lemma indeg_within_cycle:
  assumes "v \<in> set (h # ys)"
  shows "card {u \<in> set (h # ys). (u, v) \<in> A} = (if v = h then 2 else if v = s then 0 else 1)"
proof -
  consider "v = h" | "v = s" | "v \<in> set ys" "v \<noteq> s"
    using assms by auto
  then show ?thesis
  proof cases
    case 1
    then have "{u \<in> set (h # ys). (u, v) \<in> A} = {hd ys, last ys}"
      using hybrid_parents[OF sink_hybrid(1) hd_to_sink last_to_sink cycle_facts(2)]
        hd_to_sink last_to_sink cycle_facts(1) by auto
    then show ?thesis
      using 1 cycle_facts(2) by simp
  next
    case 2
    then have "{u \<in> set (h # ys). (u, v) \<in> A} = {}"
      using source_reaches no_path_back by blast
    then show ?thesis
      using 2 source_ne_sink by (simp only: card.empty) simp
  next
    case 3
    obtain w where w: "(w, v) \<in> A" "(w, v) \<in> adj_pairs ys \<or> (v, w) \<in> adj_pairs ys"
      using parent_on_cycle[OF 3] by blast
    then have "w \<in> set (h # ys)"
      using adj_pairs_in_set by fastforce
    then have "{u \<in> set (h # ys). (u, v) \<in> A} = {w}"
      using w(1) non_hybrid_unique_parent[OF non_hybrid_on_cycle[OF 3(1)]] by auto
    then show ?thesis
      using 3 cycle_facts(3) by auto
  qed
qed

text \<open>Counted by heads, the arcs of the cycle enter \<open>h\<close> twice, \<open>s\<close> never, and every other
  vertex once.\<close>

lemma card_cycle_arcs: "card (cycle_arcs A (h # ys)) = length (h # ys)"
proof -
  define W where "W = set (h # ys)"
  have W: "finite W" "h \<in> W" "s \<in> W" "s \<noteq> h"
    using source_ne_sink by (auto simp: W_def ys_eq)
  have "cycle_arcs A (h # ys) = {(u, v) \<in> A \<inter> (W \<times> W). v \<in> W}"
    using cycle_no_chords unfolding W_def by auto
  also have "card \<dots> = (\<Sum>v\<in>W. card {u. (u, v) \<in> A \<inter> (W \<times> W)})"
    by (rule card_arcs_into_eq_sum) (use W(1) in \<open>auto intro: finite_subset\<close>)
  also have "\<dots> = (\<Sum>v\<in>W. card {u \<in> W. (u, v) \<in> A})"
    by (intro sum.cong refl arg_cong[where f = card]) auto
  also have "\<dots> = 2 + (\<Sum>v\<in>W - {h}. card {u \<in> W. (u, v) \<in> A})"
    using sum.remove[OF W(1,2), of "\<lambda>v. card {u \<in> W. (u, v) \<in> A}"] indeg_within_cycle W(2)
    unfolding W_def by simp
  also have "(\<Sum>v\<in>W - {h}. card {u \<in> W. (u, v) \<in> A}) = 0 + 1 * (card (W - {h}) - 1)"
    using sum_eq_except_one[of "W - {h}" s _ 1] indeg_within_cycle W unfolding W_def by simp
  also have "2 + (0 + 1 * (card (W - {h}) - 1)) = card W"
    using W card_mono[of W "{h, s}"] by simp
  finally show ?thesis
    unfolding W_def using cycle_facts(3,4) by (simp add: distinct_card)
qed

#####

Write the data from above out again, exactly.

lemma indeg_within_cycle:
  assumes "v \<in> set (h # ys)"
  shows "card {u \<in> set (h # ys). (u, v) \<in> A} = (if v = h then 2 else if v = s then 0 else 1)"
proof -
  consider "v = h" | "v = s" | "v \<in> set ys" "v \<noteq> s"
    using assms by auto
  then show ?thesis
  proof cases
    case 1
    then have "{u \<in> set (h # ys). (u, v) \<in> A} = {hd ys, last ys}"
      using hybrid_parents[OF sink_hybrid(1) hd_to_sink last_to_sink cycle_facts(2)]
        hd_to_sink last_to_sink cycle_facts(1) by auto
    then show ?thesis
      using 1 cycle_facts(2) by simp
  next
    case 2
    then have "{u \<in> set (h # ys). (u, v) \<in> A} = {}"
      using source_reaches no_path_back by blast
    then show ?thesis
      using 2 source_ne_sink by (simp only: card.empty) simp
  next
    case 3
    obtain w where w: "(w, v) \<in> A" "(w, v) \<in> adj_pairs ys \<or> (v, w) \<in> adj_pairs ys"
      using parent_on_cycle[OF 3] by blast
    then have "w \<in> set (h # ys)"
      using adj_pairs_in_set by fastforce
    then have "{u \<in> set (h # ys). (u, v) \<in> A} = {w}"
      using w(1) non_hybrid_unique_parent[OF non_hybrid_on_cycle[OF 3(1)]] by auto
    then show ?thesis
      using 3 cycle_facts(3) by auto
  qed
qed

text \<open>Counted by heads, the arcs of the cycle enter \<open>h\<close> twice, \<open>s\<close> never, and every other
  vertex once.\<close>

lemma card_cycle_arcs: "card (cycle_arcs A (h # ys)) = length (h # ys)"
proof -
  define W where "W = set (h # ys)"
  have W: "finite W" "h \<in> W" "s \<in> W" "s \<noteq> h"
    using source_ne_sink by (auto simp: W_def ys_eq)
  have "cycle_arcs A (h # ys) = {(u, v) \<in> A \<inter> (W \<times> W). v \<in> W}"
    using cycle_no_chords unfolding W_def by auto
  also have "card \<dots> = (\<Sum>v\<in>W. card {u. (u, v) \<in> A \<inter> (W \<times> W)})"
    by (rule card_arcs_into_eq_sum) (use W(1) in \<open>auto intro: finite_subset\<close>)
  also have "\<dots> = (\<Sum>v\<in>W. card {u \<in> W. (u, v) \<in> A})"
    by (intro sum.cong refl arg_cong[where f = card]) auto
  also have "\<dots> = 2 + (\<Sum>v\<in>W - {h}. card {u \<in> W. (u, v) \<in> A})"
    using sum.remove[OF W(1,2), of "\<lambda>v. card {u \<in> W. (u, v) \<in> A}"] indeg_within_cycle W(2)
    unfolding W_def by simp
  also have "(\<Sum>v\<in>W - {h}. card {u \<in> W. (u, v) \<in> A}) = 0 + 1 * (card (W - {h}) - 1)"
    using sum_eq_except_one[of "W - {h}" s _ 1] indeg_within_cycle W unfolding W_def by simp
  also have "2 + (0 + 1 * (card (W - {h}) - 1)) = card W"
    using W card_mono[of W "{h, s}"] by simp
  finally show ?thesis
    unfolding W_def using cycle_facts(3,4) by (simp add: distinct_card)
qed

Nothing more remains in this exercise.